INSTRUCTIONS FOR THE TASK:
Filter these entries down to the lines that hold the word "close", and show each of them.

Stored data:
definition step_ok :: "nat \<Rightarrow> bool" where
  "step_ok k \<longleftrightarrow>
     m k \<le> min k DIM('b) \<and>
     (\<forall>i\<le>m k. \<bar>c k i\<bar> \<le> coeff_const (m k) * (1 + 1 / (\<tau> * (1 - \<mu>)) ^ m k)) \<and>
     norm (r (Suc k)) \<le> \<mu> ^ (m k + 1) * norm (r (k - m k)) \<and>
     (\<Sum>i\<le>m k. c k i *\<^sub>R x (k - m k + i)) \<in> V \<and> x (Suc k) \<in> \<Sigma> \<and> x (Suc k) \<in> V \<and>
     (m (Suc k) = 0 \<longrightarrow> (1 - K * (1 + \<tau>)) * norm (r (Suc k))
        \<le> (K * \<tau> + restart_const DIM('b) \<mu> / \<tau> ^ (2 * m k) * norm (r (k - m k))) * norm (r (k - m k)))"

lemma iterates_upto:
  assumes IH: "\<forall>j<k. r j \<noteq> 0 \<longrightarrow> step_ok j" and "i \<le> k"
  shows "x i \<in> \<Sigma> \<and> x i \<in> V \<and> norm (r i) \<le> \<mu> ^ i * norm (r 0)"
  using assms(2)
proof (induction i rule: less_induct)
  case (less i)
  have \<mu>0: "0 \<le> \<mu>" using K \<mu>(1) by linarith
  show ?case
  proof (cases i)
    case 0
    then show ?thesis using x0 x_0 by simp
  next
    case (Suc j)
    have xj: "x j \<in> \<Sigma> \<and> x j \<in> V \<and> norm (r j) \<le> \<mu> ^ j * norm (r 0)"
      using less Suc by simp
    show ?thesis
    proof (cases "r j = 0")
      case True
      then show ?thesis using stopped r_eq xj Suc \<mu>0
        by (metis norm_zero zero_le_mult_iff zero_le_power norm_ge_zero)
    next
      case False
      then have ok: "step_ok j" using IH less.prems Suc by simp
      have "norm (r (j - m j)) \<le> \<mu> ^ (j - m j) * norm (r 0)"
        using less Suc by simp
      then have "\<mu> ^ (m j + 1) * norm (r (j - m j)) \<le> \<mu> ^ (m j + 1) * (\<mu> ^ (j - m j) * norm (r 0))"
        using \<mu>0 by (simp add: mult_left_mono)
      also have "\<dots> = \<mu> ^ i * norm (r 0)"
        using m_le[of j] Suc by (simp add: power_add[symmetric] mult.assoc)
      finally show ?thesis using ok Suc unfolding step_ok_def by simp
    qed
  qed
qed

definition coeff_sum_bound :: "nat \<Rightarrow> real" where
  "coeff_sum_bound k = 2 * (real DIM('b) + 1) * coeff_const DIM('b) / (\<tau> * (1 - \<mu>)) ^ m k"

context
  fixes k :: nat
  assumes IH: "\<forall>j<k. r j \<noteq> 0 \<longrightarrow> step_ok j" and live: "r k \<noteq> 0"
begin

lemma window_base_pos: "0 < norm (r (k - m k))"
  using window[OF live, of 0] by simp

lemma window_decay:
  assumes "j \<le> m k"
  shows "norm (r (k - m k + j)) \<le> \<mu> ^ j * norm (r (k - m k))"
proof (cases j)
  case (Suc j')
  define i where "i = k - m k + j'"
  have i: "i < k" "r i \<noteq> 0" "m i = j'"
    using window[OF live, of j'] assms Suc m_le[of k] unfolding i_def by auto
  then have "step_ok i" using IH by simp
  moreover have "i - m i = k - m k" "Suc i = k - m k + j" using i(3) Suc unfolding i_def by auto
  ultimately show ?thesis using i(3) Suc unfolding step_ok_def by simp
qed simp

lemma window_diff_bounds:
  assumes "j \<in> {1..m k}"
  shows "(1 - \<mu>) * norm (r (k - m k)) \<le> norm (window_diff k j)"
    and "norm (window_diff k j) \<le> 2 * norm (r (k - m k))"
proof -
  have "0 \<le> \<mu>" using K \<mu>(1) by linarith
  then have "\<mu> ^ j \<le> \<mu> ^ 1" using assms \<mu>(2) by (intro power_decreasing) auto
  then have "norm (r (k - m k + j)) \<le> \<mu> * norm (r (k - m k))"
    using window_decay[of j] assms mult_right_mono[of "\<mu> ^ j" \<mu> "norm (r (k - m k))"] by simp
  moreover have "\<mu> * norm (r (k - m k)) \<le> norm (r (k - m k))"
    using \<mu>(2) window_base_pos by simp
  ultimately show "(1 - \<mu>) * norm (r (k - m k)) \<le> norm (window_diff k j)"
    and "norm (window_diff k j) \<le> 2 * norm (r (k - m k))"
    unfolding window_diff_def
    using norm_triangle_ineq2[of "r (k - m k)" "r (k - m k + j)"]
      norm_triangle_ineq4[of "r (k - m k + j)" "r (k - m k)"]
    by (auto simp: algebra_simps norm_minus_commute)
qed

lemma window_residual_lower:
  assumes "j \<in> {1..m k}"
  shows "\<tau> * (1 - \<mu>) * norm (r (k - m k))
           \<le> norm (window_diff k j - orth_proj (span (window_diff k ` {1..<j})) (window_diff k j))"
proof -
  have "\<tau> * ((1 - \<mu>) * norm (r (k - m k))) \<le> \<tau> * norm (window_diff k j)"
    using window_diff_bounds(1)[OF assms] \<tau>(1) by (intro mult_left_mono) auto
  then show ?thesis using window_residual[OF live assms] by (simp add: mult.assoc)
qed

lemma m_le_DIM: "m k \<le> DIM('b)"
proof (rule le_DIM_if_orth_residuals_pos, intro ballI)
  fix j assume "j \<in> {1..m k}"
  then show "0 < norm (window_diff k j - orth_proj (span (window_diff k ` {1..<j})) (window_diff k j))"
    using window_residual_lower[of j] \<tau>(1) \<mu>(2) window_base_pos
    by (meson diff_gt_0_iff_gt less_le_trans mult_pos_pos)
qed

lemma coeff_bound:
  assumes "i \<le> m k"
  shows "\<bar>c k i\<bar> \<le> coeff_const (m k) * (1 + 1 / (\<tau> * (1 - \<mu>)) ^ m k)"
proof (rule window_coeff_bound[OF _ _ window_base_pos _ _ _ coeffs_sum[OF live] assms])
  show "0 < \<tau> * (1 - \<mu>)" "\<tau> * (1 - \<mu>) < 1"
    using \<tau> \<mu> K mult_strict_mono[of \<tau> 1 "1 - \<mu>" 1] by auto
  show "\<forall>j\<in>{1..m k}. \<tau> * (1 - \<mu>) * norm (r (k - m k))
          \<le> norm (window_diff k j - orth_proj (span (window_diff k ` {1..<j})) (window_diff k j))"
    using window_residual_lower by blast
  show "\<forall>j\<in>{1..m k}. norm (window_diff k j) \<le> 2 * norm (r (k - m k))"
    using window_diff_bounds(2) by blast
  have "\<mu> ^ m k \<le> 1" using \<mu> K by (simp add: power_le_one)
  then have "norm (r k) \<le> norm (r (k - m k))"
    using window_decay[of "m k"] m_le[of k] mult_right_mono[of "\<mu> ^ m k" 1 "norm (r (k - m k))"]
    by simp
  then show "norm (\<Sum>j\<in>{1..m k}. c k j *\<^sub>R window_diff k j) \<le> 2 * norm (r (k - m k))"
    using comb_residual_diff[OF live] comb_residual_le[OF live]
      norm_triangle_ineq4[of "comb_residual k" "r (k - m k)"] by simp
qed

lemma coeff_abs_sum_le: "(\<Sum>i\<le>m k. \<bar>c k i\<bar>) \<le> coeff_sum_bound k"
proof -
  define X where "X = \<tau> * (1 - \<mu>)"
  have X: "0 < X ^ m k" "X ^ m k \<le> 1"
    unfolding X_def using \<tau> \<mu> K by (auto intro!: power_le_one mult_le_one)
  have "(\<Sum>i\<le>m k. \<bar>c k i\<bar>) \<le> real (card {..m k}) * (coeff_const (m k) * (1 + 1 / X ^ m k))"
    by (rule sum_bounded_above) (use coeff_bound in \<open>auto simp: X_def\<close>)
  also have "\<dots> \<le> (real DIM('b) + 1) * (coeff_const DIM('b) * (2 / X ^ m k))"
  proof (intro mult_mono)
    show "real (card {..m k}) \<le> real DIM('b) + 1" using m_le_DIM by simp
    show "coeff_const (m k) \<le> coeff_const DIM('b)" using coeff_const_mono[OF m_le_DIM] .
    have "1 \<le> 1 / X ^ m k" "2 / X ^ m k = 1 / X ^ m k + 1 / X ^ m k" using X by simp_all
    then show "1 + 1 / X ^ m k \<le> 2 / X ^ m k" by linarith
  qed (use coeff_const_ge_1[of "m k"] coeff_const_ge_1[of "DIM('b)"] X in auto)
  also have "\<dots> = coeff_sum_bound k" unfolding coeff_sum_bound_def X_def by (simp add: algebra_simps)
  finally show ?thesis .
qed

lemma coeff_sum_bound_sq: "(coeff_sum_bound k)\<^sup>2 \<le> coeff_sum_sq_const DIM('b) \<mu> / \<tau> ^ (2 * m k)"
  unfolding coeff_sum_bound_def using coeff_sum_bound_sq_le[OF \<tau> _ \<mu>(2) m_le_DIM] K \<mu>(1) by simp

lemma coeff_sum_bound_sq_base:
  "(coeff_sum_bound k)\<^sup>2 * norm (r (k - m k)) \<le> coeff_sum_sq_const DIM('b) \<mu> * radius DIM('b) \<mu>"
proof -
  have "norm (r (k - m k)) \<le> \<mu> ^ (k - m k) * norm (r 0)"
    using iterates_upto[OF IH, of "k - m k"] by simp
  also have "\<dots> \<le> norm (r 0)"
    using \<mu> K by (simp add: mult_left_le_one_le power_le_one)
  also have "\<dots> \<le> radius DIM('b) \<mu> * \<tau> ^ (2 * DIM('b))" using x0(3) r_eq[of 0] x_0 by simp
  also have "\<dots> \<le> radius DIM('b) \<mu> * \<tau> ^ (2 * m k)"
    using \<tau> m_le_DIM radius_pos[OF \<mu>, of "DIM('b)"] by (intro mult_left_mono power_decreasing) auto
  finally have base: "norm (r (k - m k)) \<le> radius DIM('b) \<mu> * \<tau> ^ (2 * m k)" .
  have "(coeff_sum_bound k)\<^sup>2 * norm (r (k - m k))
      \<le> coeff_sum_sq_const DIM('b) \<mu> / \<tau> ^ (2 * m k) * (radius DIM('b) \<mu> * \<tau> ^ (2 * m k))"
    using coeff_sum_bound_sq base coeff_sum_sq_const_pos[OF \<mu>(2), of "DIM('b)"] \<tau>(1)
    by (intro mult_mono) auto
  also have "\<dots> = coeff_sum_sq_const DIM('b) \<mu> * radius DIM('b) \<mu>"
    using \<tau>(1) by simp
  finally show ?thesis .
qed

text \<open>The window iterates lie within n / \<sigma> of xs (n the residual at the window start), and the
  choice of radius keeps S n / \<sigma> below \<rho> and the second-order term of the one-step estimate
  below both bounds needed later.\<close>

lemma one_step:
  shows "(\<Sum>i\<le>m k. c k i *\<^sub>R x (k - m k + i)) \<in> V" and "x (Suc k) \<in> \<Sigma>" "x (Suc k) \<in> V"
    and "norm (r (Suc k)) \<le> K * norm (comb_residual k)
           + min ((\<mu> - K) * \<mu> ^ m k * norm (r (k - m k)))
                 (restart_const DIM('b) \<mu> / \<tau> ^ (2 * m k) * (norm (r (k - m k)))\<^sup>2)"
proof -
  define n where "n = norm (r (k - m k))"
  define S where "S = coeff_sum_bound k"
  define \<epsilon> where "\<epsilon> = n / \<sigma>"
  define Z where "Z = coeff_sum_sq_const DIM('b) \<mu>"
  define R where "R = radius DIM('b) \<mu>"
  have n: "0 < n" using window_base_pos unfolding n_def .
  have S_sum: "(\<Sum>i\<le>m k. \<bar>c k i\<bar>) \<le> S" using coeff_abs_sum_le unfolding S_def .
  have S1: "1 \<le> S" using one_le_sum_abs[OF coeffs_sum[OF live] S_sum] .
  have S2n: "S\<^sup>2 * n \<le> Z * R" using coeff_sum_bound_sq_base unfolding S_def n_def Z_def R_def .
  have "S * n \<le> S\<^sup>2 * n" using S1 n by (simp add: power2_eq_square mult_right_mono)
  then have "S * n \<le> \<rho> * \<sigma>"
    using S2n radius_small_for_step[OF \<mu>, of "DIM('b)"] unfolding Z_def R_def by linarith
  then have S\<epsilon>: "S * \<epsilon> \<le> \<rho>" unfolding \<epsilon>_def using \<sigma>(1) by (simp add: pos_divide_le_eq)
  have \<epsilon>: "0 \<le> \<epsilon>" using n \<sigma>(1) unfolding \<epsilon>_def by simp
  have near: "\<forall>i\<le>m k. x (k - m k + i) \<in> \<Sigma> \<and> norm (x (k - m k + i) - xs) \<le> \<epsilon>"
  proof (intro allI impI)
    fix i assume i: "i \<le> m k"
    have xi: "x (k - m k + i) \<in> \<Sigma>" "x (k - m k + i) \<in> V"
      using iterates_upto[OF IH, of "k - m k + i"] i m_le[of k] by auto
    have "\<sigma> * norm (x (k - m k + i) - xs) \<le> norm (r (k - m k + i))" using \<sigma>(2)[OF xi(2,1)] r_eq
      by simp
    also have "\<dots> \<le> \<mu> ^ i * n" using window_decay[OF i] unfolding n_def .
    also have "\<dots> \<le> n" using \<mu> K n by (simp add: mult_left_le_one_le power_le_one)
    finally show "x (k - m k + i) \<in> \<Sigma> \<and> norm (x (k - m k + i) - xs) \<le> \<epsilon>"
      using xi \<sigma>(1) unfolding \<epsilon>_def by (simp add: pos_le_divide_eq mult.commute)
  qed
  note est = AP_step_boundD[where x="\<lambda>i. x (k - m k + i)",
      OF step near[rule_format] coeffs_sum[OF live] S_sum \<epsilon> S\<epsilon>]
  show "(\<Sum>i\<le>m k. c k i *\<^sub>R x (k - m k + i)) \<in> V" "x (Suc k) \<in> \<Sigma>" "x (Suc k) \<in> V"
    using est x_Suc[OF live] by simp_all
  have "(\<Sum>i\<le>m k. c k i *\<^sub>R f (x (k - m k + i))) = comb_residual k"
    unfolding comb_residual_def using r_eq by simp
  then have bound: "norm (r (Suc k)) \<le> K * norm (comb_residual k) + G * S\<^sup>2 * \<epsilon>\<^sup>2"
    using est x_Suc[OF live] r_eq[of "Suc k"] by simp
  have "G * S\<^sup>2 * \<epsilon>\<^sup>2 \<le> (\<mu> - K) * \<mu> ^ m k * n"
  proof -
    have "G * S\<^sup>2 * \<epsilon>\<^sup>2 = G * (S\<^sup>2 * n) * n / \<sigma>\<^sup>2" unfolding \<epsilon>_def by (simp add: power2_eq_square)
    also have "\<dots> \<le> G * (Z * R) * n / \<sigma>\<^sup>2"
      using S2n G n by (intro divide_right_mono mult_right_mono mult_left_mono) auto
    also have "\<dots> \<le> (\<mu> - K) * \<mu> ^ DIM('b) * \<sigma>\<^sup>2 * n / \<sigma>\<^sup>2"
      using radius_small_for_contraction[OF \<mu>] n unfolding Z_def R_def
      by (intro divide_right_mono mult_right_mono) (auto simp: mult.assoc)
    also have "\<dots> = (\<mu> - K) * \<mu> ^ DIM('b) * n" using \<sigma>(1) by simp
    also have "\<dots> \<le> (\<mu> - K) * \<mu> ^ m k * n"
      using \<mu> K n m_le_DIM by (intro mult_right_mono mult_left_mono power_decreasing) auto
    finally show ?thesis .
  qed
  moreover have "G * S\<^sup>2 * \<epsilon>\<^sup>2 \<le> restart_const DIM('b) \<mu> / \<tau> ^ (2 * m k) * n\<^sup>2"
  proof -
    have "G * S\<^sup>2 * \<epsilon>\<^sup>2 = G * S\<^sup>2 * n\<^sup>2 / \<sigma>\<^sup>2" unfolding \<epsilon>_def by (simp add: power_divide)
    also have "\<dots> \<le> G * (Z / \<tau> ^ (2 * m k)) * n\<^sup>2 / \<sigma>\<^sup>2"
      using coeff_sum_bound_sq G unfolding S_def Z_def
      by (intro divide_right_mono mult_right_mono mult_left_mono) auto
    also have "\<dots> = (G * Z / \<sigma>\<^sup>2) / \<tau> ^ (2 * m k) * n\<^sup>2" by simp
    also have "\<dots> \<le> restart_const DIM('b) \<mu> / \<tau> ^ (2 * m k) * n\<^sup>2"
      unfolding restart_const_def Z_def using \<tau> by (intro mult_right_mono divide_right_mono) auto
    finally show ?thesis .
  qed
  ultimately show "norm (r (Suc k)) \<le> K * norm (comb_residual k)
           + min ((\<mu> - K) * \<mu> ^ m k * norm (r (k - m k)))
                 (restart_const DIM('b) \<mu> / \<tau> ^ (2 * m k) * (norm (r (k - m k)))\<^sup>2)"
    using bound unfolding n_def by simp
qed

TASK ANSWER:
    by (rule sum_bounded_above) (use coeff_bound in \<open>auto simp: X_def\<close>)
  below both bounds needed later.\<close>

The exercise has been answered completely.